The transaction is applied to the version of the store database cached in RAM. The store never records a transaction to the cached database until the transaction has been logged.
When the log file hits its maximum size, the service that owns the log file renames it and creates a new log generation. This log file will stay on disk until it's purged during an online backup.
Exchange copies the transactions from the cached copy in RAM back to the disk version of the database. This so-called "lazy commit" strategy means that at any point in time the "real" database consists of data from the database file on disk, data from the database copy in RAM, and as-yet-uncommitted transactions.

When a database is dismounted normally (say, by ESM or when the server is shut down normally), any transactions that have been made to the in-RAM copy of the database are committed to the disk version, and the checkpoint file is updated to reflect which transactions have been committed. If the service is shut down abnormally (say, by a power failure), when it restarts, it will scan its inventory of log files and play back any uncommitted transactions from the log files to the database. This means that it's very important not to move, delete, edit, or otherwise disturb the log files until their transactions have been committed.

The checkpoint file

How does the IS track which transactions have been logged? The IS service maintains a checkpoint file named edb.chk. Whenever a transaction is committed, the checkpoint file is updated to point to that transaction. The service uses the checkpoint file at startup time; if this file is present, transactions are played back from the checkpoint to the end of the last available log file. The checkpoint file tells the store which transaction log files contain uncommitted transactions, and would be needed in case of a crash. If the checkpoint file is missing or damaged, Exchange can scan each log file and check whether its transactions have been committed, but this is much slower than using the checkpoint files.

The reserve logs

Since transaction processing depends on log files, it's a fair question to wonder what would happen if there wasn't enough space to start a log file. As a last-ditch defense against running out of space, the IS service maintains two reserve log files named res1.log and res2.log. When edb.log fills up and is renamed, if there's not enough space to create a new file, the store service will use the reserve file instead. If this happens, ESE will send a remote procedure call to the service. When the service gets this special emergency message, it will flush any uncommitted transactions from memory into the reserve log files, and then shut down cleanly. The service will also log an event in the system event log; if your IS service won't start, check the event log to make sure you have adequate free space.

Circular logging

The normal process of creating logs is appropriate for most servers, because you want a complete record of all transactions that have occurred. However, in some circumstances you might want to keep a reduced set of log data. For example, SMTP bridgehead servers have to have a mounted mailbox database in order to generate NDRs, but there's no reason to accumulate tons of log files for that database since it won't contain any useful data. You might also want to reduce the number of log files generated by activities that would ordinarily generate large numbers of log files, like moving mailboxes from one server to another.
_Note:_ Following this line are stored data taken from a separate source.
definition hs_dim ::
  "('k::field \<Rightarrow> 'v::ab_group_add \<Rightarrow> 'v) \<Rightarrow> 'a::{finite,order} set \<Rightarrow> ('a \<Rightarrow> 'v set)
     \<Rightarrow> ('a \<Rightarrow> 'a \<Rightarrow> 'v \<Rightarrow> 'v) \<Rightarrow> nat \<Rightarrow> int" where
  "hs_dim scale P F res n =
     int (vector_space.dim (fscale scale) {s \<in> chain_space P F n. boundary P res n s = 0})
     - int (vector_space.dim (fscale scale) (boundary P res (Suc n) ` chain_space P F (Suc n)))"

definition chi_poly ::
  "('k::field \<Rightarrow> 'v::ab_group_add \<Rightarrow> 'v) \<Rightarrow> ('a::{finite,order_bot} \<Rightarrow> 'v set) \<Rightarrow> int poly" where
  "chi_poly scale F = (\<Sum>x\<in>UNIV. monom (mobius bot x) (vector_space.dim scale (F x)))"

end

theory Submission
  imports Defs
begin

text \<open>The chain complex \<open>S\<^sub>*(P;F)\<close> is the direct sum of the subcomplex spanned by chains with
  pairwise distinct entries and the subcomplex of degenerate chains. The latter is contractible: the
  homotopy sends a degenerate chain, up to sign, to the chain obtained by repeating its first
  repeated entry once more. Hence the Euler characteristic of \<open>HS\<^sub>*(P;F)\<close> is that of the finite
  normalized complex, the alternating sum of \<open>dim F(x\<^sub>0)\<close> over strict chains
  \<open>x\<^sub>n < \<dots> < x\<^sub>0\<close>. Grouped by their top element \<open>x\<close>, the strict chains of \<open>L - {0}\<close>
  contribute \<open>-\<mu>(0,x) dim F(x)\<close> by Philip Hall's theorem, and
  \<open>-(\<Sum>x > 0. \<mu>(0,x) dim F(x)) = dim F(0) - \<chi>'(1)\<close>.\<close>

context vector_space
begin

lemma independent_Un_common_span_eq_0:
  assumes ind: "independent (A \<union> B)" and dis: "A \<inter> B = {}"
    and fA: "finite A" and fB: "finite B"
    and x1: "x \<in> span A" and x2: "x \<in> span B"
  shows "x = 0"
proof -
  obtain u where u: "x = (\<Sum>v\<in>A. u v *s v)" using x1 span_finite[OF fA] by auto
  obtain w where w: "x = (\<Sum>v\<in>B. w v *s v)" using x2 span_finite[OF fB] by auto
  define c where "c v = (if v \<in> A then u v else - w v)" for v
  have "(\<Sum>v\<in>A \<union> B. c v *s v) = (\<Sum>v\<in>A. c v *s v) + (\<Sum>v\<in>B. c v *s v)"
    using dis fA fB by (simp add: sum.union_disjoint)
  also have "(\<Sum>v\<in>A. c v *s v) = x" unfolding u c_def by (rule sum.cong) auto
  also have "(\<Sum>v\<in>B. c v *s v) = - x" unfolding w c_def using dis
    by (auto simp: sum_negf[symmetric] intro!: sum.cong)
  finally have z: "(\<Sum>v\<in>A \<union> B. c v *s v) = 0" by simp
  have "\<forall>v\<in>A. c v = 0"
    using independentD[OF ind _ _ z] fA fB by auto
  then have "\<forall>v\<in>A. u v = 0" by (auto simp: c_def)
  then show ?thesis unfolding u by simp
qed

end

context vector_space_pair
begin

lemma linear_inj_on_span_complement:
  assumes lin: "Vector_Spaces.linear s1 s2 f"
    and ind: "vs1.independent (K \<union> E)" and dis: "K \<inter> E = {}" and fin: "finite K" "finite E"
    and ker: "\<And>x. x \<in> vs1.span E \<Longrightarrow> f x = 0 \<Longrightarrow> x \<in> vs1.span K"
  shows "inj_on f (vs1.span E)"
  unfolding linear_inj_on_iff_eq_0[OF lin vs1.subspace_span]
  using vs1.independent_Un_common_span_eq_0[OF ind dis fin] ker by blast

lemma linear_image_span_complement:
  assumes lin: "Vector_Spaces.linear s1 s2 f"
    and W: "W \<subseteq> vs1.span (K \<union> E)" and ker: "\<And>k. k \<in> vs1.span K \<Longrightarrow> f k = 0"
  shows "f ` W \<subseteq> vs2.span (f ` E)"
proof
  fix y assume "y \<in> f ` W"
  then obtain k e where ke: "k \<in> vs1.span K" "e \<in> vs1.span E" "y = f (k + e)"
    using W unfolding vs1.span_Un by auto
  then have "y = f e" using ker linear_add[OF lin] by simp
  then show "y \<in> vs2.span (f ` E)" using ke(2) linear_span_image[OF lin, of E] by auto
qed

lemma dim_eq_dim_kernel_add_dim_image:
  assumes lin: "Vector_Spaces.linear s1 s2 f" and W: "vs1.subspace W"
    and fin: "finite W0" and Wsp: "W \<subseteq> vs1.span W0"
  shows "vs1.dim W = vs1.dim {x\<in>W. f x = 0} + vs2.dim (f ` W)"
proof -
  let ?K = "{x\<in>W. f x = 0}"
  have Ksub: "vs1.subspace ?K"
    using W linear_0[OF lin] linear_add[OF lin] linear_scale[OF lin]
    unfolding vs1.subspace_def by auto
  obtain BK where BK: "BK \<subseteq> ?K" "vs1.independent BK" "?K \<subseteq> vs1.span BK" "card BK = vs1.dim ?K"
    using vs1.basis_exists by blast
  obtain BW where BW: "BK \<subseteq> BW" "BW \<subseteq> W" "vs1.independent BW" "W \<subseteq> vs1.span BW"
    using vs1.maximal_independent_subset_extend[of BK W] BK by auto
  have finBW: "finite BW"
    using vs1.independent_span_bound[OF fin BW(3)] BW(2) Wsp by auto
  have dW: "vs1.dim W = card BW"
    using vs1.basis_card_eq_dim[OF BW(2) BW(4) BW(3)] by simp
  define E where "E = BW - BK"
  have finE: "finite E" "finite BK" using finBW BW(1) E_def by (auto intro: finite_subset)
  have cardBW: "card BW = card BK + card E"
    unfolding E_def using finBW BW(1)
    by (metis card_Diff_subset card_mono finite_subset le_add_diff_inverse)
  have spBK: "vs1.span BK \<subseteq> ?K"
    using vs1.span_minimal[OF BK(1) Ksub] .
  have EW: "vs1.span E \<subseteq> W"
    using vs1.span_minimal[of E W] BW(2) W E_def by auto
  have "vs1.independent (BK \<union> E)" using BW E_def by (metis Diff_partition)
  moreover have "x \<in> vs1.span BK" if "x \<in> vs1.span E" "f x = 0" for x
    using that EW BK(3) by auto
  ultimately have inj: "inj_on f (vs1.span E)"
    using linear_inj_on_span_complement[OF lin] finE E_def by blast
  have indE: "vs2.independent (f ` E)"
    using linear_independent_injective_image[OF lin _ inj] vs1.independent_mono[OF BW(3)] E_def by auto
  have cardE: "card (f ` E) = card E"
    using card_image inj vs1.span_superset inj_on_subset by metis
  have "BK \<union> E = BW" using BW(1) E_def by auto
  then have "f ` W \<subseteq> vs2.span (f ` E)"
    using linear_image_span_complement[OF lin] BW(4) spBK by blast
  moreover have "f ` E \<subseteq> f ` W" using BW(2) E_def by auto
  ultimately have "vs2.dim (f ` W) = card (f ` E)"
    using vs2.dim_unique[OF _ _ indE refl] by blast
  then show ?thesis using dW cardBW cardE BK(4) by simp
qed

end

context vector_space
begin

lemma dim_zero_subspace: "dim {0} = 0"
  using dim_span_eq_card_independent[OF independent_empty] by simp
Exchange has long supported an additional logging mode called circular logging in which only a limited number of log files are kept. After a log's transactions have been committed to the information store, the log file is overwritten. This reduces the disk space required for logging, but when circular logging is enabled you can only recover the most recent full backupyou can't play back the same range of transactions as you could without circular logging. Microsoft recommends that you leave circular logging disabled on regular servers, enabling it only when you specifically want to reduce the number of log files kept on a server.